(* Let $c_0,\tau_0>0$ and let the thermo-viscous attenuation coefficient be $$\alpha^*_{tv}(\omega)=\frac{-i\omega}{c_0\sqrt{1-i\tau_0\omega}}+\frac{i\omega}{c_0},\qquad\omega\in\mathbb{R}.$$ Then the kernel $K(\vec x,t)=\frac{1}{\sqrt{2\pi}}\mathcal{F}^{-1}\{e^{-\alpha^*_{tv}(\cdot)|\vec x|}\}(t)$ violates causality.
   Context: Fourier convention: $\mathcal{F}^{-1}\{\hat f\}(t)=\frac{1}{\sqrt{2\pi}}\int_{\mathbb{R}}e^{-i\omega t}\hat f(\omega)\,d\omega$ (tempered distributions). The square root of a complex number is the root with non-negative real part. $K$ is causal if $t\mapsto K(\vec x,t)$ vanishes for $t<0$ for every $\vec x\in\mathbb{R}^3$. *)

theory Defs
  imports "HOL-Analysis.Analysis"
begin

definition alpha_tv :: "real \<Rightarrow> real \<Rightarrow> real \<Rightarrow> complex" where
  "alpha_tv c0 tau \<omega> =
     - \<i> * of_real \<omega> / (of_real c0 * csqrt (1 - \<i> * of_real tau * of_real \<omega>))
     + \<i> * of_real \<omega> / of_real c0"

definition inv_fourier :: "(real \<Rightarrow> complex) \<Rightarrow> real \<Rightarrow> complex" where
  "inv_fourier g t =
     complex_of_real (1 / sqrt (2 * pi)) *
       (LINT \<omega>|lborel. exp (- \<i> * of_real \<omega> * of_real t) * g \<omega>)"

definition kernel_tv :: "real \<Rightarrow> real \<Rightarrow> real^3 \<Rightarrow> real \<Rightarrow> complex" where
  "kernel_tv c0 tau x t =
     complex_of_real (1 / sqrt (2 * pi)) *
       inv_fourier (\<lambda>\<omega>. exp (- alpha_tv c0 tau \<omega> * of_real (norm x))) t"

definition causal :: "(real^3 \<Rightarrow> real \<Rightarrow> complex) \<Rightarrow> bool" where
  "causal K \<longleftrightarrow> (\<forall>x t. t < 0 \<longrightarrow> K x t = 0)"

end

(*
  Factor the kernel's spectrum as exp (- alpha_tv \<omega> d) = damping d \<omega> * exp (- \<i> \<omega> d / c0),
  where damping d \<omega> decays like exp (- C sqrt \<bar>\<omega>\<bar>) and damping d (\<nu> / d) \<rightarrow> 1 as d \<rightarrow> 0.
  If the kernel at distance d vanished for t < 0, Fubini against the tent of half-width
  w = d / c0 shifted into t \<le> 0 would give \<integral> damping d \<omega> * tent_ft w \<omega> d\<omega> = 0, where
  tent_ft w \<omega> = 2 (1 - cos (\<omega> w)) / (w \<omega>\<^sup>2) \<ge> 0 is the Fourier transform of the tent; the
  shift exactly cancels the delay factor.  Substituting \<omega> = \<nu> / d and letting d \<rightarrow> 0 by
  dominated convergence gives \<integral> tent_ft (1 / c0) = 0, which is impossible since the integrand
  is nonnegative and positive on (0, \<pi> c0).
*)

theory Submission
  imports Defs "HOL-Probability.Sinc_Integral"
begin

(* Unnormalised, with the kernel of inv_fourier: inv_fourier g = fourier g / sqrt (2 \<pi>). *)
definition fourier :: "(real \<Rightarrow> complex) \<Rightarrow> real \<Rightarrow> complex" where
  "fourier f \<omega> = (LINT t|lborel. exp (- \<i> * of_real \<omega> * of_real t) * f t)"

lemma fourier_shift:
  "fourier (\<lambda>t. f (t + w)) \<omega> = exp (\<i> * of_real \<omega> * of_real w) * fourier f \<omega>"
proof -
  have "fourier f \<omega> = (LINT t|lborel. exp (- \<i> * of_real \<omega> * of_real (w + t)) * f (w + t))"
    unfolding fourier_def
    using lborel_integral_real_affine[where c=1 and t=w
        and f="\<lambda>t. exp (- \<i> * of_real \<omega> * of_real t) * f t"] by simp
  also have "\<dots> = (LINT t|lborel. exp (- \<i> * of_real \<omega> * of_real w) *
                                 (exp (- \<i> * of_real \<omega> * of_real t) * f (t + w)))"
    by (simp add: exp_add[symmetric] algebra_simps)
  also have "\<dots> = exp (- \<i> * of_real \<omega> * of_real w) * fourier (\<lambda>t. f (t + w)) \<omega>"
    by (simp add: fourier_def)
  finally have "fourier f \<omega> * exp (\<i> * of_real \<omega> * of_real w) = fourier (\<lambda>t. f (t + w)) \<omega>"
    by (simp add: exp_minus divide_simps)
  then show ?thesis
    by (simp add: mult.commute)
qed

lemma integrable_bounded_by_inverse_square:
  fixes f :: "real \<Rightarrow> 'a::{banach, second_countable_topology}"
  assumes "f \<in> borel_measurable lborel" and "\<And>x. norm (f x) \<le> C / (1 + x\<^sup>2)"
  shows "integrable lborel f"
proof (rule Bochner_Integration.integrable_bound[OF _ assms(1)])
  have "integrable lborel (\<lambda>x::real. inverse (1 + x\<^sup>2))"
    using integrable_inverse_1_plus_square by (simp add: set_integrable_def)
  then show "integrable lborel (\<lambda>x. C / (1 + x\<^sup>2))"
    by (simp add: divide_inverse)
  show "AE x in lborel. norm (f x) \<le> norm (C / (1 + x\<^sup>2))"
    using assms(2) by (intro AE_I2) (smt (verit) real_norm_def)
qed

lemma integral_mult_fourier_eq_0:
  fixes g \<psi> :: "real \<Rightarrow> complex"
  assumes g: "integrable lborel g" and causal: "\<And>t. t < 0 \<Longrightarrow> fourier g t = 0"
    and \<psi>: "integrable lborel \<psi>" and supp: "\<And>t. t \<ge> 0 \<Longrightarrow> \<psi> t = 0"
  shows "(LINT \<omega>|lborel. g \<omega> * fourier \<psi> \<omega>) = 0"
proof -
  define P where "P t \<omega> = \<psi> t * (exp (- \<i> * of_real \<omega> * of_real t) * g \<omega>)" for t \<omega>
  have pair: "pair_sigma_finite lborel lborel" ..
  have [measurable]: "g \<in> borel_measurable lborel" "\<psi> \<in> borel_measurable lborel"
    using g \<psi> by auto
  have P_norm: "norm (P t \<omega>) = norm (\<psi> t) * norm (g \<omega>)" for t \<omega>
    by (simp add: P_def norm_mult)
  have P_integrable: "integrable (lborel \<Otimes>\<^sub>M lborel) (case_prod P)"
  proof (rule pair_sigma_finite.Fubini_integrable[OF pair])
    show "case_prod P \<in> borel_measurable (lborel \<Otimes>\<^sub>M lborel)"
      unfolding P_def by measurable
    show "integrable lborel (\<lambda>t. LINT \<omega>|lborel. norm (case_prod P (t, \<omega>)))"
      using \<psi> g by (simp add: P_norm)
    show "AE t in lborel. integrable lborel (\<lambda>\<omega>. case_prod P (t, \<omega>))"
    proof (rule AE_I2, rule Bochner_Integration.integrable_bound)
      fix t
      show "integrable lborel (\<lambda>\<omega>. norm (\<psi> t) * norm (g \<omega>))"
        using g by simp
      have "(\<lambda>\<omega>. P t \<omega>) \<in> borel_measurable lborel"
        unfolding P_def by measurable
      then show "(\<lambda>\<omega>. case_prod P (t, \<omega>)) \<in> borel_measurable lborel"
        by simp
      show "AE \<omega> in lborel. norm (case_prod P (t, \<omega>)) \<le> norm (norm (\<psi> t) * norm (g \<omega>))"
        by (simp add: P_norm)
    qed
  qed
  have inner: "(LINT t|lborel. P t \<omega>) = g \<omega> * fourier \<psi> \<omega>" for \<omega>
  proof -
    have "(\<lambda>t. P t \<omega>) = (\<lambda>t. g \<omega> * (exp (- \<i> * of_real \<omega> * of_real t) * \<psi> t))"
      by (simp add: P_def fun_eq_iff mult_ac)
    then show ?thesis
      by (simp add: fourier_def)
  qed
  have "(LINT \<omega>|lborel. g \<omega> * fourier \<psi> \<omega>) = (LINT \<omega>|lborel. LINT t|lborel. P t \<omega>)"
    by (simp add: inner)
  also have "\<dots> = (LINT t|lborel. LINT \<omega>|lborel. P t \<omega>)"
    using P_integrable by (rule pair_sigma_finite.Fubini_integral[OF pair])
  also have "\<dots> = (LINT t|lborel. \<psi> t * fourier g t)"
    by (simp add: P_def fourier_def mult_ac)
  also have "\<dots> = 0"
  proof -
    have "(\<lambda>t. \<psi> t * fourier g t) = (\<lambda>t. 0)"
    proof
      show "\<psi> t * fourier g t = 0" for t
        by (cases "t < 0") (simp_all add: causal supp)
    qed
    then show ?thesis
      by simp
  qed
  finally show ?thesis .
qed

definition tent :: "real \<Rightarrow> real \<Rightarrow> real" where
  "tent w s = max 0 (1 - \<bar>s\<bar> / w)"

definition tent_ft :: "real \<Rightarrow> real \<Rightarrow> real" where
  "tent_ft w \<omega> = (if \<omega> = 0 then w else 2 * (1 - cos (\<omega> * w)) / (w * \<omega>\<^sup>2))"

lemma tent_nonneg: "tent w s \<ge> 0"
  by (simp add: tent_def)

lemma tent_eq_0: "w > 0 \<Longrightarrow> \<bar>s\<bar> \<ge> w \<Longrightarrow> tent w s = 0"
  by (simp add: tent_def field_simps)

lemma tent_le_indicator: "w > 0 \<Longrightarrow> tent w s \<le> indicator {-w..w} s"
  by (auto simp: tent_def indicator_def field_simps)

lemma integrable_tent:
  assumes "w > 0"
  shows "integrable lborel (tent w)"
proof (rule Bochner_Integration.integrable_bound[where f="indicator {-w..w} :: real \<Rightarrow> real"])
  show "tent w \<in> borel_measurable lborel"
    unfolding tent_def by measurable
  show "AE s in lborel. norm (tent w s) \<le> norm (indicator {-w..w} s :: real)"
    using assms by (intro AE_I2) (simp add: tent_nonneg tent_le_indicator)
qed (use assms in simp)

lemma has_integral_tent_cos:
  assumes "w > 0"
  shows "((\<lambda>s. 2 * (1 - s / w) * cos (\<omega> * s)) has_integral tent_ft w \<omega>) {0..w}"
proof (cases "\<omega> = 0")
  case True
  define F where "F s = 2 * (s - s\<^sup>2 / (2 * w))" for s
  have "((\<lambda>s. 2 * (1 - s / w) * cos (\<omega> * s)) has_integral F w - F 0) {0..w}"
  proof (rule fundamental_theorem_of_calculus)
    show "(F has_vector_derivative 2 * (1 - s / w) * cos (\<omega> * s)) (at s within {0..w})" for s
      unfolding F_def has_real_derivative_iff_has_vector_derivative[symmetric] using assms True
      by (auto intro!: derivative_eq_intros simp: field_simps)
  qed (use assms in simp)
  then show ?thesis
    using assms True by (simp add: F_def tent_ft_def field_simps power2_eq_square)
next
  case False
  define F where "F s = 2 * ((w - s) * sin (\<omega> * s) / (w * \<omega>) - cos (\<omega> * s) / (w * \<omega> * \<omega>))" for s
  have "((\<lambda>s. 2 * (1 - s / w) * cos (\<omega> * s)) has_integral F w - F 0) {0..w}"
  proof (rule fundamental_theorem_of_calculus)
    show "(F has_vector_derivative 2 * (1 - s / w) * cos (\<omega> * s)) (at s within {0..w})" for s
      unfolding F_def has_real_derivative_iff_has_vector_derivative[symmetric] using assms False
      by (auto intro!: derivative_eq_intros simp: field_simps)
  qed (use assms in simp)
  then show ?thesis
    using assms False by (simp add: F_def tent_ft_def field_simps power2_eq_square)
qed
definition connected_graph :: "'a set \<Rightarrow> 'a set set \<Rightarrow> bool" where
  "connected_graph W F \<longleftrightarrow> W \<noteq> {} \<and>
     (\<forall>u\<in>W. \<forall>v\<in>W. (u, v) \<in> (adj_rel F)\<^sup>*)"

definition is_subgraph :: "'a set \<Rightarrow> 'a set set \<Rightarrow> 'a set \<Rightarrow> 'a set set \<Rightarrow> bool" where
  "is_subgraph W F V E \<longleftrightarrow> W \<subseteq> V \<and> F \<subseteq> E \<and> (\<forall>e\<in>F. e \<subseteq> W)"

definition induced_edges :: "'a set set \<Rightarrow> 'a set \<Rightarrow> 'a set set" where
  "induced_edges E W = {e \<in> E. e \<subseteq> W}"

definition steiner_dist :: "'a set \<Rightarrow> 'a set set \<Rightarrow> 'a set \<Rightarrow> nat" where
  "steiner_dist V E S = Min {card F | W F. is_subgraph W F V E \<and> connected_graph W F \<and> S \<subseteq> W}"

definition steiner_wiener :: "nat \<Rightarrow> 'a set \<Rightarrow> 'a set set \<Rightarrow> nat" where
  "steiner_wiener k V E = (\<Sum>S\<in>{S. S \<subseteq> V \<and> card S = k}. steiner_dist V E S)"

definition no_cut_vertex :: "'a set set \<Rightarrow> 'a set \<Rightarrow> bool" where
  "no_cut_vertex E B \<longleftrightarrow>
     (\<forall>v\<in>B. B - {v} = {} \<or> connected_graph (B - {v}) (induced_edges E (B - {v})))"

definition good_block_candidate :: "'a set \<Rightarrow> 'a set set \<Rightarrow> 'a set \<Rightarrow> bool" where
  "good_block_candidate V E B \<longleftrightarrow> B \<subseteq> V \<and>
     connected_graph B (induced_edges E B) \<and> no_cut_vertex E B"

definition blocks :: "'a set \<Rightarrow> 'a set set \<Rightarrow> 'a set set" where
  "blocks V E = {B. good_block_candidate V E B \<and>
     (\<forall>B'. good_block_candidate V E B' \<and> B \<subseteq> B' \<longrightarrow> B' = B)}"

definition is_clique :: "'a set set \<Rightarrow> 'a set \<Rightarrow> bool" where
  "is_clique E B \<longleftrightarrow> (\<forall>u\<in>B. \<forall>v\<in>B. u \<noteq> v \<longrightarrow> {u, v} \<in> E)"

definition block_graph :: "'a set \<Rightarrow> 'a set set \<Rightarrow> bool" where
  "block_graph V E \<longleftrightarrow> simple_graph V E \<and> connected_graph V E \<and>
     (\<forall>B\<in>blocks V E. is_clique E B)"

definition star_like_block_graph :: "'a set \<Rightarrow> 'a set set \<Rightarrow> bool" where
  "star_like_block_graph V E \<longleftrightarrow> block_graph V E \<and>
     (\<exists>u\<in>V. \<forall>v\<in>V. v \<noteq> u \<longrightarrow> {u, v} \<in> E)"

end

theory Submission
  imports Defs
begin

text \<open>A connected subgraph containing a k-set S has at least k - 1 edges, and the star
  at the universal vertex u spanning S \<union> {u} has at most k. Every block of a star-like
  block graph contains u and two blocks meet only in u, so d(S) = k - 1 exactly when
  u \<in> S or S lies inside a block: otherwise a tree on S alone would make S \<union> {u}
  2-connected, hence contained in a block. So SW_k is (k - 1) binom(n, k) plus the number
  of k-subsets of V - {u} lying in no block, which is binom(n - 1, k) - \<Sum>i binom(b_i - 1, k).\<close>

lemma adj_rel_empty [simp]: "adj_rel {} = {}"
  unfolding adj_rel_def by auto

lemma adj_rel_insert_edge: "a \<noteq> b \<Longrightarrow> adj_rel (insert {a, b} F) = adj_rel F \<union> {(a, b), (b, a)}"
  unfolding adj_rel_def by (auto simp: doubleton_eq_iff insert_commute)

lemma adj_rel_mono: "F \<subseteq> F' \<Longrightarrow> adj_rel F \<subseteq> adj_rel F'"
  unfolding adj_rel_def by auto

lemma connected_graph_mono: "connected_graph W F \<Longrightarrow> F \<subseteq> F' \<Longrightarrow> connected_graph W F'"
  unfolding connected_graph_def using rtrancl_mono[OF adj_rel_mono] by blast

lemma rtrancl_Un_sym_pair_reaches_endpoint:
  "(w, r) \<in> (A \<union> {(a, b), (b, a)})\<^sup>* \<Longrightarrow> (w, r) \<in> A\<^sup>* \<or> (w, a) \<in> A\<^sup>* \<or> (w, b) \<in> A\<^sup>*"
  by (induction rule: rtrancl_induct) (auto intro: rtrancl_into_rtrancl)
lemma nc_comm_heisenberg_cubic_Z:
  fixes w A B :: complex
  assumes "w ^ 3 = 1"
  shows "nc_comm (heisenberg_cubic A B) (nc_var Z) =
    nc_add (nc_mul (nc_mul (nc_lin [(w^2,[])]) (rel2 w A B)) (nc_lin [(1,[Z])]))
   (nc_add (nc_mul (nc_mul (nc_lin [(- w,[Z])]) (rel1 w A B)) (nc_lin [(1,[])]))
   (nc_add (nc_mul (nc_mul (nc_lin [(A - A*w,[X,Y])]) (nc_lin [(1,[Z,Z])])) (nc_lin [(1,[])]))
   (nc_add (nc_mul (nc_mul (nc_lin [(B - B*w^2,[Y,X])]) (nc_lin [(1,[Z,Z])])) (nc_lin [(1,[])]))
   (nc_add (nc_mul (nc_mul (nc_lin [(A*w - A,[])]) (nc_lin [(1,[Z,Z])])) (nc_lin [(1,[X,Y])]))
           (nc_mul (nc_mul (nc_lin [(B*w^2 - B,[])]) (nc_lin [(1,[Z,Z])])) (nc_lin [(1,[Y,X])]))))))"
  unfolding nc_comm_def heisenberg_cubic_def nc_var_eq_lin rel1_def rel2_def
  by (simp only: nc_lin_mul nc_lin_append[symmetric] nc_lin_diff, rule nc_lin_eqI,
      simp add: lin_mul_def lin_scale_def, (elim disjE; simp add: nc_lin_def cube_root_unity_simps[OF assms]))

lemma nc_comm_heisenberg_cubic_var:
  fixes w A B :: complex
  assumes "w ^ 3 = 1"
  shows "nc_comm (heisenberg_cubic A B) (nc_var v) \<in> T_ideal w A B"
  unfolding T_ideal_def
  by (cases v, simp_all only: nc_comm_heisenberg_cubic_X[OF assms]
        nc_comm_heisenberg_cubic_Y[OF assms] nc_comm_heisenberg_cubic_Z[OF assms])
    (intro nc_ideal_add nc_ideal_generator; simp add: nc_fin_lin)+

definition cyclic_coeff_sum :: "gen list \<Rightarrow> ncp \<Rightarrow> complex" where
  "cyclic_coeff_sum u p = p u + p (rotate1 u) + p (rotate1 (rotate1 u))"
(* Let $\Theta$ be a weakly compact set of probability measures on $\mathbb{R}$ with $\lim_{N\to\infty}\sup_{\mu\in\Theta}\int|x|1_{\{|x|>N\}}d\mu=0$, and let $\mathcal{N}[\psi]=\max_{\mu\in\Theta}\mu[\psi]$ for $\psi\in C_{b,Lip}(\mathbb{R})$. Let $\varphi\in C_b^2(\mathbb{R})$ and $u(t,x):=\mathcal{N}[\varphi(x+\sqrt{t}\,\cdot)]$. Then for every $t>0$ and $x\in\mathbb{R}$ the one-sided derivatives below exist and \[\partial_t^+u(t,x)=\sup_{\mu\in\Theta_{t,x}}\int\frac{y}{2\sqrt t}\varphi'(x+\sqrt t y)\mu(dy),\qquad \partial_t^-u(t,x)=\inf_{\mu\in\Theta_{t,x}}\int\frac{y}{2\sqrt t}\varphi'(x+\sqrt t y)\mu(dy),\] \[\partial_x^+u(t,x)=\sup_{\mu\in\Theta_{t,x}}\int\varphi'(x+\sqrt t y)\mu(dy),\qquad \partial_x^-u(t,x)=\inf_{\mu\in\Theta_{t,x}}\int\varphi'(x+\sqrt t y)\mu(dy),\] where $\Theta_{t,x}=\{\mu\in\Theta:\mu[\varphi(x+\sqrt t\,\cdot)]=\mathcal{N}[\varphi(x+\sqrt t\,\cdot)]\}$. Furthermore, \[\partial_t^+u(t,x)=\lim_{\delta\downarrow0}\partial_t^+u(t+\delta,x)=\lim_{\delta\downarrow0}\partial_t^-u(t+\delta,x),\qquad \partial_t^-u(t,x)=\lim_{\delta\downarrow0}\partial_t^+u(t-\delta,x)=\lim_{\delta\downarrow0}\partial_t^-u(t-\delta,x),\] and similarly $\partial_x^+u(t,x)=\lim_{\delta\downarrow0}\partial_x^+u(t,x+\delta)=\lim_{\delta\downarrow0}\partial_x^-u(t,x+\delta)$ and $\partial_x^-u(t,x)=\lim_{\delta\downarrow0}\partial_x^+u(t,x-\delta)=\lim_{\delta\downarrow0}\partial_x^-u(t,x-\delta)$.
   Context: $C_{b,Lip}(\mathbb{R})$: bounded Lipschitz functions; $C_b^2(\mathbb{R})$: twice continuously differentiable functions bounded with bounded first and second derivatives; $\mu[\psi]=\int\psi\,d\mu$. One-sided derivatives: $\partial_t^+u(t,x)=\lim_{\delta\downarrow0}\frac{u(t+\delta,x)-u(t,x)}{\delta}$, $\partial_t^-u(t,x)=\lim_{\delta\downarrow0}\frac{u(t-\delta,x)-u(t,x)}{-\delta}$, and analogously $\partial_x^\pm u$ in the $x$ variable. *)

theory Defs
  imports "HOL-Probability.Probability"
begin

text \<open>The weak topology on probability measures on R is metrizable, so compactness
  coincides with sequential compactness.\<close>
definition weakly_compact_pm :: "real measure set \<Rightarrow> bool" where
  "weakly_compact_pm \<Theta> \<longleftrightarrow>
     (\<forall>\<mu>s :: nat \<Rightarrow> real measure. (\<forall>n. \<mu>s n \<in> \<Theta>) \<longrightarrow>
        (\<exists>(r :: nat \<Rightarrow> nat) \<mu>. strict_mono r \<and> \<mu> \<in> \<Theta> \<and> weak_conv_m (\<mu>s \<circ> r) \<mu>))"
text \<open>In an optimal code with positive weights and nonempty words, the maximal length is
  attained twice: otherwise the Kraft sum at the maximal depth D is odd, hence below 2^D,
  and the single deepest codeword could be shortened.\<close>
lemma optimal_deepest_pair:
  assumes fin: "finite S" and opt: "optimal_code w S c" and wpos: "\<forall>x\<in>S. 0 < w x"
    and D: "D = Max ((\<lambda>x. length (c x)) ` S)" and z1: "z1 \<in> S" "length (c z1) = D"
    and D_pos: "1 \<le> D"
  shows "\<exists>z2\<in>S. z2 \<noteq> z1 \<and> length (c z2) = D"
proof (rule ccontr)
  define l where "l = (\<lambda>x. length (c x))"
  assume "\<not> ?thesis"
  then have shorter: "\<forall>y\<in>S - {z1}. l y < D"
    using fin D by (fastforce simp: l_def intro: le_neq_implies_less)
  have bound: "\<forall>y\<in>S. l y \<le> D" using fin D by (simp add: l_def)
  have even_rest: "2 dvd (\<Sum>y\<in>S - {z1}. (2::int) ^ (D - l y))"
    using shorter by (intro dvd_sum) auto
  have "kraft_sum D S l = 1 + (\<Sum>y\<in>S - {z1}. 2 ^ (D - l y))"
    unfolding kraft_sum_def using sum.remove[OF fin z1(1), of "\<lambda>y. 2 ^ (D - l y)"] z1
    by (simp add: l_def)
  then have "odd (kraft_sum D S l)" using even_rest by simp
  then have "kraft_sum D S l \<noteq> 2 ^ D" using D_pos by auto
  moreover have "kraft_sum D S l \<le> 2 ^ D"
    using kraft_inequality[OF fin] opt bound by (simp add: optimal_code_def l_def)
  ultimately have "kraft_sum D S l \<le> 2 ^ D - 1" by linarith
  then have "kraft_sum D S (l(z1 := D - 1)) \<le> 2 ^ D"
    using D_pos z1 by (simp add: kraft_sum_upd[OF fin z1(1)] l_def)
  moreover have "\<forall>y\<in>S. (l(z1 := D - 1)) y \<le> D" using bound by simp
  ultimately have "length_cost w S l \<le> length_cost w S (l(z1 := D - 1))"
    using optimal_length_cost_le[OF fin opt] unfolding l_def by blast
  moreover have "0 < w z1" using wpos z1 by blast
  ultimately show False
    using D_pos z1 by (simp add: length_cost_upd[OF fin z1(1)] l_def algebra_simps)
qed

section \<open>Optimal codes for weights in (1/4, 1] containing a weight 1/2\<close>

locale quarter_weight_code =
  fixes S :: "'a set" and w :: "'a \<Rightarrow> real" and c :: "'a \<Rightarrow> bool list" and e :: 'a
  assumes finite_S: "finite S" and optimal: "optimal_code w S c"
    and weight_bounds: "\<And>x. x \<in> S \<Longrightarrow> 1/4 < w x \<and> w x \<le> 1"
    and e_in_S: "e \<in> S" and weight_e: "w e = 1/2"
begin

abbreviation len :: "'a \<Rightarrow> nat" where "len x \<equiv> length (c x)"

definition depth :: nat where "depth = Max (len ` S)"

lemma len_le_depth: "x \<in> S \<Longrightarrow> len x \<le> depth"
  unfolding depth_def using finite_S by simp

──────────

This task calls for each line of the material that contains "ultimately".

*Answer to the exercise*:
  ultimately have "kraft_sum D S l \<le> 2 ^ D - 1" by linarith
  ultimately have "length_cost w S l \<le> length_cost w S (l(z1 := D - 1))"
  ultimately show False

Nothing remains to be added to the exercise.